Comm 101 – Tripling Down on Business Ethics

In the 13th century, Aristotle, Greek philosopher and scientist, termed the businessmen who engaged in activities which did not contribute fruitfully to the wellbeing of society as “parasites.” Since then till now, movies such as The Wolf Of Wallstreet embody what Michael Lewis, author and financial journalist, refers to as the central sociocultural assumption of modern finance, “that a trader is a savage, and a great trader, a great savage.”

This movie is based on the notorious and nefarious Jordon Belfort, portraying his debauchery, deception and decadence. No attempt is made to defend such conduct as the requirement of a well-functioning financial sector – this movie doesn’t say he is wrong. Instead it asks – what does it say about us if he’s right?

The money fueled machine of corporate and crony capitalism understands greed and grit as its foundation – but it doesn’t take the perception of a socialist to deem this as morally incoherent. This blog will be unpacking the Triple Bottom Line theory, with respect to three major ethical violations from the unknown trenches of the corporate world that are recently coloring our news.
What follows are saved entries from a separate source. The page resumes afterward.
lemma fps_in_x_plus_y_mult:
  fixes f g :: "'a::field_char_0 fps"
  shows "fps_in_x_plus_y (f * g) = fps_in_x_plus_y f * fps_in_x_plus_y g"
proof (rule fps_ext, rule fps_ext)
  fix n m
  define H where "H s = fact s * f $ s * (fact (n + m - s) * g $ (n + m - s))" for s
  have "(fps_in_x_plus_y f * fps_in_x_plus_y g) $ n $ m
      = (\<Sum>a=0..n. \<Sum>c=0..m. fps_in_x_plus_y f $ a $ c * fps_in_x_plus_y g $ (n - a) $ (m - c))"
    by (simp add: fps_mult_nth fps_sum_nth)
  also have "\<dots> = (\<Sum>a=0..n. of_nat (n choose a) * (\<Sum>c=0..m. of_nat (m choose c) * H (a + c)))
                    / (fact n * fact m)"
    unfolding sum_distrib_left sum_divide_distrib
  proof (intro sum.cong refl)
    fix a c assume "a \<in> {0..n}" "c \<in> {0..m}"
    then have a: "a \<le> n" and c: "c \<le> m" by simp_all
    have "(of_nat (((a + c) choose a) * ((n - a + (m - c)) choose (n - a)) * fact n * fact m) :: 'a)
        = of_nat ((n choose a) * (m choose c) * fact (a + c) * fact (n + m - (a + c)))"
      by (simp only: binomial_mult_binomial_fact[OF a c])
    moreover have "n + m - (a + c) = n - a + (m - c)"
      using a c by simp
    ultimately show "fps_in_x_plus_y f $ a $ c * fps_in_x_plus_y g $ (n - a) $ (m - c)
        = of_nat (n choose a) * (of_nat (m choose c) * H (a + c)) / (fact n * fact m)"
      by (simp add: H_def field_simps)
  qed
  also have "\<dots> = (\<Sum>s=0..n+m. of_nat ((n + m) choose s) * H s) / (fact n * fact m)"
    by (simp only: vandermonde_double_sum)
  also have "\<dots> = of_nat ((n + m) choose n) * (\<Sum>s=0..n+m. f $ s * g $ (n + m - s))"
    unfolding sum_distrib_left sum_divide_distrib
  proof (intro sum.cong refl)
    fix s assume "s \<in> {0..n+m}"
    then show "of_nat ((n + m) choose s) * H s / (fact n * fact m)
        = of_nat ((n + m) choose n) * (f $ s * g $ (n + m - s))"
      by (simp add: H_def binomial_fact field_simps)
  qed
  also have "\<dots> = fps_in_x_plus_y (f * g) $ n $ m"
    by (simp add: fps_mult_nth)
  finally show "fps_in_x_plus_y (f * g) $ n $ m = (fps_in_x_plus_y f * fps_in_x_plus_y g) $ n $ m"
    by simp
qed

lemma fact_mult_nth_egf_product:
  fixes f g h :: "'a::field_char_0 fps"
  assumes "\<And>n. f $ n = u n / fact n" "\<And>n. g $ n = v n / fact n" "\<And>n. h $ n = w n / fact n"
  shows "fact p1 * fact p2 * (fps_in_x f * fps_const g * fps_in_x_plus_y h) $ p1 $ p2
       = (\<Sum>j1=0..p1. \<Sum>j2=0..p2. of_nat (p1 choose j1) * of_nat (p2 choose j2)
            * u (p1 - j1) * v (p2 - j2) * w (j1 + j2))"
proof -
  have "(fps_in_x f * fps_const g * fps_in_x_plus_y h) $ p1
      = (\<Sum>a=0..p1. fps_const (f $ a) * g * fps_in_x_plus_y h $ (p1 - a))"
    by (simp add: fps_mult_nth[of "fps_in_x f * fps_const g"])
  then have "(fps_in_x f * fps_const g * fps_in_x_plus_y h) $ p1 $ p2
      = (\<Sum>a=0..p1. \<Sum>c=0..p2. f $ a * g $ c * fps_in_x_plus_y h $ (p1 - a) $ (p2 - c))"
    by (simp add: fps_sum_nth fps_mult_nth[of g] sum_distrib_left mult.assoc)
  also have "\<dots> = (\<Sum>j1=0..p1. \<Sum>j2=0..p2.
                      f $ (p1 - j1) * g $ (p2 - j2) * fps_in_x_plus_y h $ j1 $ j2)"
    by (subst sum.atLeastAtMost_rev, rule sum.cong, simp,
        subst sum.atLeastAtMost_rev, rule sum.cong, auto)
  finally have coeff: "(fps_in_x f * fps_const g * fps_in_x_plus_y h) $ p1 $ p2
      = (\<Sum>j1=0..p1. \<Sum>j2=0..p2. f $ (p1 - j1) * g $ (p2 - j2) * fps_in_x_plus_y h $ j1 $ j2)" .
  show ?thesis
    unfolding coeff sum_distrib_left
  proof (intro sum.cong refl)
    fix j1 j2 assume "j1 \<in> {0..p1}" "j2 \<in> {0..p2}"
    then show "fact p1 * fact p2 * (f $ (p1 - j1) * g $ (p2 - j2) * fps_in_x_plus_y h $ j1 $ j2)
        = of_nat (p1 choose j1) * of_nat (p2 choose j2) * u (p1 - j1) * v (p2 - j2) * w (j1 + j2)"
      by (simp add: assms binomial_fact field_simps)
  qed
qed

text \<open>Applied to \<open>a, b, c = B(x), B(y), B(x+y)\<close> and \<open>s, t = e^x, e^y\<close>, where the right-hand
  factors \<open>a + x\<close>, \<open>b + y\<close> are \<open>B(-x)\<close>, \<open>B(-y)\<close>.\<close>

lemma reflected_triple_product_eq:
  fixes a b c s t x y :: "'a::idom"
  assumes "a * (s - 1) = x" "b * (t - 1) = y" "c * (s * t - 1) = x + y"
    and "s - 1 \<noteq> 0" "t - 1 \<noteq> 0" "s * t - 1 \<noteq> 0"
  shows "a * b * (c + (x + y)) = (a + x) * (b + y) * c"
proof -
  have "a * b * (c + (x + y)) * ((s - 1) * (t - 1) * (s * t - 1))
      = (a * (s - 1)) * (b * (t - 1)) * (c * (s * t - 1) + (x + y) * (s * t - 1))"
    by (simp add: algebra_simps)
  also have "\<dots> = x * y * (x + y) * (s * t)"
    using assms(1-3) by (simp add: algebra_simps)
  also have "\<dots> = (a * (s - 1) + x * (s - 1)) * (b * (t - 1) + y * (t - 1)) * (c * (s * t - 1))"
    using assms(1-3) by (simp add: algebra_simps)
  also have "\<dots> = (a + x) * (b + y) * c * ((s - 1) * (t - 1) * (s * t - 1))"
    by (simp add: algebra_simps)
  finally show ?thesis
    using assms(4-6) by simp
qed

lemma bernoulli_fps_bivariate_symmetry:
  defines "B \<equiv> bernoulli_fps" and "R \<equiv> bernoulli_fps oo (- fps_X)"
  shows "fps_in_x B * fps_const B * fps_in_x_plus_y R = fps_in_x R * fps_const R * fps_in_x_plus_y B"
proof -
  let ?E = "fps_exp (1::rat)"
  have const_E: "fps_const ?E - 1 = fps_const (?E - 1)"
    by (simp add: fps_eq_iff)
  have x: "fps_in_x B * (fps_in_x ?E - 1) = fps_X"
    using arg_cong[where f = fps_in_x, OF bernoulli_fps_mult_exp_minus_1]
    by (simp add: B_def fps_in_x_mult fps_in_x_diff fps_in_x_1 fps_in_x_X)
  have y: "fps_const B * (fps_const ?E - 1) = fps_const fps_X"
    by (simp add: const_E B_def bernoulli_fps_mult_exp_minus_1)
  have x_plus_y: "fps_in_x_plus_y B * (fps_in_x ?E * fps_const ?E - 1) = fps_X + fps_const fps_X"
    using arg_cong[where f = fps_in_x_plus_y, OF bernoulli_fps_mult_exp_minus_1]
    by (simp add: B_def fps_in_x_plus_y_mult fps_in_x_plus_y_diff fps_in_x_plus_y_1
        fps_in_x_plus_y_exp fps_in_x_plus_y_X)
  have nonzero: "fps_in_x ?E - 1 \<noteq> 0" "fps_const ?E - 1 \<noteq> 0" "fps_in_x ?E * fps_const ?E - 1 \<noteq> 0"
    using fps_in_x_eq_0_iff[of "?E - 1"] fps_in_x_plus_y_eq_0_iff[of "?E - 1"]
    by (simp_all add: const_E fps_exp_minus_1_neq_0 fps_in_x_diff fps_in_x_1 fps_in_x_plus_y_diff
        fps_in_x_plus_y_1 fps_in_x_plus_y_exp)
  have "fps_in_x B * fps_const B * (fps_in_x_plus_y B + (fps_X + fps_const fps_X))
      = (fps_in_x B + fps_X) * (fps_const B + fps_const fps_X) * fps_in_x_plus_y B"
    by (rule reflected_triple_product_eq[OF x y x_plus_y nonzero])
  moreover have "R = B + fps_X"
    by (simp add: B_def R_def bernoulli_fps_compose_uminus)
  ultimately show ?thesis
    by (simp add: fps_in_x_add fps_in_x_X fps_in_x_plus_y_add fps_in_x_plus_y_X)
qed

lemma minus_one_power_odd_add:
  assumes "odd (k + l)"
  shows "(-1::'a::ring_1) ^ k = - ((-1) ^ l)"
  using assms by (cases "even l") (simp_all add: minus_one_power_iff)

theorem mainTheorem11:
  fixes p1 p2 :: nat
  assumes "odd (p1 + p2)"
  shows "(\<Sum>j1=0..p1. \<Sum>j2=0..p2.
            of_nat (p1 choose j1) * of_nat (p2 choose j2) * (-1) ^ (j1 + j2)
            * bernoulli (p1 - j1) * bernoulli (p2 - j2) * bernoulli (j1 + j2)) = (0::rat)"
    (is "?S = 0")
proof -
  let ?B = bernoulli_fps and ?R = "bernoulli_fps oo (- fps_X)"
  have B: "?B $ n = bernoulli n / fact n" and R: "?R $ n = (-1) ^ n * bernoulli n / fact n" for n
    by (simp_all add: fps_nth_bernoulli_fps fps_compose_uminus')
  have "fact p1 * fact p2 * (fps_in_x ?B * fps_const ?B * fps_in_x_plus_y ?R) $ p1 $ p2 = ?S"
    unfolding fact_mult_nth_egf_product[OF B B R]
    by (intro sum.cong refl) (simp add: ac_simps)
  moreover have "fact p1 * fact p2 * (fps_in_x ?R * fps_const ?R * fps_in_x_plus_y ?B) $ p1 $ p2 = - ?S"
    unfolding fact_mult_nth_egf_product[OF R R B] sum_negf[symmetric]
  proof (intro sum.cong refl)
    fix j1 j2 assume "j1 \<in> {0..p1}" "j2 \<in> {0..p2}"
    then have "odd ((p1 - j1) + (p2 - j2) + (j1 + j2))"
      using assms by simp
    then have "(-1::rat) ^ (p1 - j1) * (-1) ^ (p2 - j2) = - ((-1) ^ (j1 + j2))"
      by (simp add: minus_one_power_odd_add flip: power_add)
    then show "of_nat (p1 choose j1) * of_nat (p2 choose j2) * ((-1) ^ (p1 - j1) * bernoulli (p1 - j1))
        * ((-1) ^ (p2 - j2) * bernoulli (p2 - j2)) * bernoulli (j1 + j2)
        = - (of_nat (p1 choose j1) * of_nat (p2 choose j2) * (-1) ^ (j1 + j2)
           * bernoulli (p1 - j1) * bernoulli (p2 - j2) * bernoulli (j1 + j2))"
      by (simp add: algebra_simps)
  qed
  ultimately have "?S = - ?S"
    using bernoulli_fps_bivariate_symmetry by simp
  then show ?thesis
    by simp
qed

end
The phrase “the triple bottom line” was first coined in 1994 by John Elkington, the founder of a British consultancy called SustainAbility. The triple bottom line (TBL), as seen in the image below, consists of three Ps: profit, people and planet.

Economic sustainability, dealing with ‘profit’, was violated in the case of Wells Fargo, when they prioritized surviving the credit crisis over thriving, by trying to cross-sell lucrative products to its existing consumer base which employees replied to by creating fraudulent customer accounts. As a result, Wells could lose as much as $212 billion in deposits and $8 billion in revenue over the next year and a half.
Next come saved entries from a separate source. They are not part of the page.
lemma card_coprime_residues:
  assumes "q > 1"
  shows "card {n \<in> {0..<int q}. coprime n (int q)} = totient q"
proof -
  have "{n \<in> {0..<int q}. coprime n (int q)} = int ` totatives q"
  proof safe
    fix n assume n: "n \<in> {0..<int q}" "coprime n (int q)"
    then have "n \<noteq> 0"
      using assms by auto
    moreover have "coprime (nat n) q"
      using n by (metis atLeastLessThan_iff coprime_int_iff int_nat_eq)
    ultimately have "nat n \<in> totatives q"
      using n by (auto simp: totatives_def)
    then show "n \<in> int ` totatives q"
      using n by (metis atLeastLessThan_iff int_nat_eq image_eqI)
  next
    fix k assume k: "k \<in> totatives q"
    then have "k \<noteq> q"
      using assms by (auto simp: totatives_def)
    then show "int k \<in> {0..<int q}" "coprime (int k) (int q)"
      using k by (auto simp: totatives_def)
  qed
  then show ?thesis
    by (simp add: card_image totient_def)
qed

context
  fixes q :: nat and \<chi> :: "int \<Rightarrow> complex"
  assumes dc: "dirichlet_character q \<chi>" and real: "real_character \<chi>"
begin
Social sustainability, regarding ‘people’, was denigrated in the case of Mylan, a drug company that decided to increase the cost of its EpiPen which was a life saving drug for the children that suffer from food allergies in America. They set a $500 price tag on their monopoly – an act of cruelty for desperate families. After media attention and a congressional grilling, its stock is now trading at its lowest of 30 years.
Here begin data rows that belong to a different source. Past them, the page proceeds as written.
lemma curvature_guarantee:
  assumes feasible: "feasible_attack N as ac As Ac" and submodular: "submodular_on (ground N U) phi"
    and singletons: "\<forall>x\<in>ground N U. phi {x} \<noteq> 0"
  shows "(let k = curvature (ground N U) phi; a = real (caa N ac) in
      if a = 0 then (1 - k) / (1 + k) else min ((1 - k) / (1 + k)) ((1 - k) / a))
    * opt_value phi N U as ac \<le> attacked As Ac"
proof -
  interpret submodular_greedy_assignment phi N U u g
    by unfold_locales (rule submodular)
  have pos: "0 < phi {x}" if "x \<in> ground N U" for x
    using nonneg_onD[OF nonneg, of "{x}"] singletons that by force
  obtain v where "v \<in> U 0"
    using U N by fastforce
  then have "(0, v) \<in> ground N U"
    unfolding ground_def using N by simp
  then have "ground N U \<noteq> {}"
    by blast
  define \<kappa> where "\<kappa> = 1 - curvature (ground N U) phi"
  have \<kappa>: "0 \<le> \<kappa>" "\<kappa> \<le> 1"
    unfolding \<kappa>_def using curvature_bounds[OF finite_ground_robots \<open>ground N U \<noteq> {}\<close> mono submodular norm pos]
    by blast+
  have gain: "\<kappa> * phi {x} \<le> phi (Y \<union> {x}) - phi Y" if "x \<in> ground N U" "Y \<subseteq> ground N U - {x}" for x Y
    unfolding \<kappa>_def using curvature_gain_le[OF finite_ground_robots submodular pos[OF that(1)] that] .
  have "(if real (caa N ac) = 0 then \<kappa> / (2 - \<kappa>) else min (\<kappa> / (2 - \<kappa>)) (\<kappa> / real (caa N ac)))
      * opt_value phi N U as ac \<le> attacked As Ac"
  proof (rule opt_value_le_attacked[OF feasible, where c = 1])
    show "0 \<le> \<kappa> / (2 - \<kappa>)" "0 \<le> \<kappa>" "\<kappa> \<le> 1"
      using \<kappa> by simp_all
    show "\<kappa> / (2 - \<kappa>) * phi (sel u' (set g)) \<le> attacked As Ac" if "u' \<in> PiE {..<N} U" for u'
    proof -
      have "\<kappa> / (2 - \<kappa>) * phi (sel u' (set g)) \<le> \<kappa> / (2 - \<kappa>) * ((2 - \<kappa>) * phi (sel u (set g)))"
        using greedy_curvature_bound[OF gain \<kappa>, of u'] that set_g \<kappa>
        by (intro mult_left_mono) auto
      also have "\<dots> = \<kappa> * phi (sel u (set g))"
        using \<kappa> by simp
      also have "\<dots> \<le> attacked As Ac"
        by (rule greedy_part_le_attacked_curvature[OF feasible submodular gain \<kappa>])
      finally show ?thesis .
    qed
    show "1 * phi (sel u' Z) \<le> real (card Z) * attacked As Ac"
      if "u' \<in> PiE {..<N} U" "Z \<subseteq> Vb - As" for u' Z
      using submodular_onD[OF submodular, of "{}"] norm by (intro bait_part_le_attacked[OF _ that]) auto
  qed
  moreover have "1 - curvature (ground N U) phi = \<kappa>" "1 + curvature (ground N U) phi = 2 - \<kappa>"
    unfolding \<kappa>_def by simp_all
  ultimately show ?thesis
    unfolding Let_def by presburger
qed

end

lemma ratt_run_if_ratt_output:
  assumes ratt: "ratt_output phi N U as ac u" and N: "1 \<le> N"
    and U: "\<And>i. i < N \<Longrightarrow> finite (U i) \<and> U i \<noteq> {}"
    and mono: "nondecreasing_on (ground N U) phi" and norm: "phi {} = 0"
    and nonneg: "nonneg_on (ground N U) phi"
  obtains g Vb where "ratt_run phi N U u g as ac Vb"
proof (cases "as + caa N ac < N")
  case True
  then obtain Vb g where Vb: "Vb \<subseteq> {..<N}" "card Vb = as + caa N ac"
    and bait: "\<forall>i\<in>Vb. u i \<in> U i \<and> (\<forall>v\<in>U i. phi {(i, v)} \<le> phi {(i, u i)})"
    and dominates: "\<forall>i\<in>Vb. \<forall>j\<in>{..<N} - Vb. \<forall>v\<in>U j. phi {(j, v)} \<le> phi {(i, u i)}"
    and g: "distinct g" "set g = {..<N} - Vb"
    and greedy: "\<forall>k<length g. u (g ! k) \<in> U (g ! k) \<and>
       (\<forall>i'\<in>{..<N} - Vb - set (take k g). \<forall>v\<in>U i'.
          phi (sel u (set (take k g)) \<union> {(i', v)}) - phi (sel u (set (take k g)))
          \<le> phi (sel u (set (take k g)) \<union> {(g ! k, u (g ! k))}) - phi (sel u (set (take k g))))"
    using ratt unfolding ratt_output_def Let_def by auto
  have "ratt_run phi N U u g as ac Vb"
  proof unfold_locales
    show "u i \<in> U i" if "i \<in> set g" for i
      using that greedy by (auto simp: in_set_conv_nth)
    show "phi (sel u (set (take k g)) \<union> {(i, v)}) - phi (sel u (set (take k g)))
        \<le> phi (sel u (set (take k g)) \<union> {(g ! k, u (g ! k))}) - phi (sel u (set (take k g)))"
      if "k < length g" "i \<in> set g - set (take k g)" "v \<in> U i" for k i v
      using greedy that g(2) by blast
    show "card Vb = min (as + caa N ac) N"
      using Vb(2) True by simp
  qed (use mono norm g Vb N U nonneg bait dominates in auto)
  then show ?thesis
    by (rule that)
next
  case False
  then have all: "\<forall>i<N. u i \<in> U i \<and> (\<forall>v\<in>U i. phi {(i, v)} \<le> phi {(i, u i)})"
    using ratt unfolding ratt_output_def Let_def by auto
  have "ratt_run phi N U u [] as ac {..<N}"
  proof unfold_locales
    show "card {..<N} = min (as + caa N ac) N"
      using False by simp
  qed (use mono norm N U nonneg all in auto)
  then show ?thesis
    by (rule that)
qed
Environmental sustainability, about ‘planet’, was ignored entirely by Coca-Cola. The soft drinks giant has become emblematic of big business’s contribution to the waste problem thanks in part to a high profile campaign by Greenpeace, which claims the company generates more than a hundred billion plastic bottles a year.

Together, these three tenants of sustainability – economic, social, and environmental – guide businesses towards fitting into the conception of the corporation as a participating citizen in the community and not as a money making machine.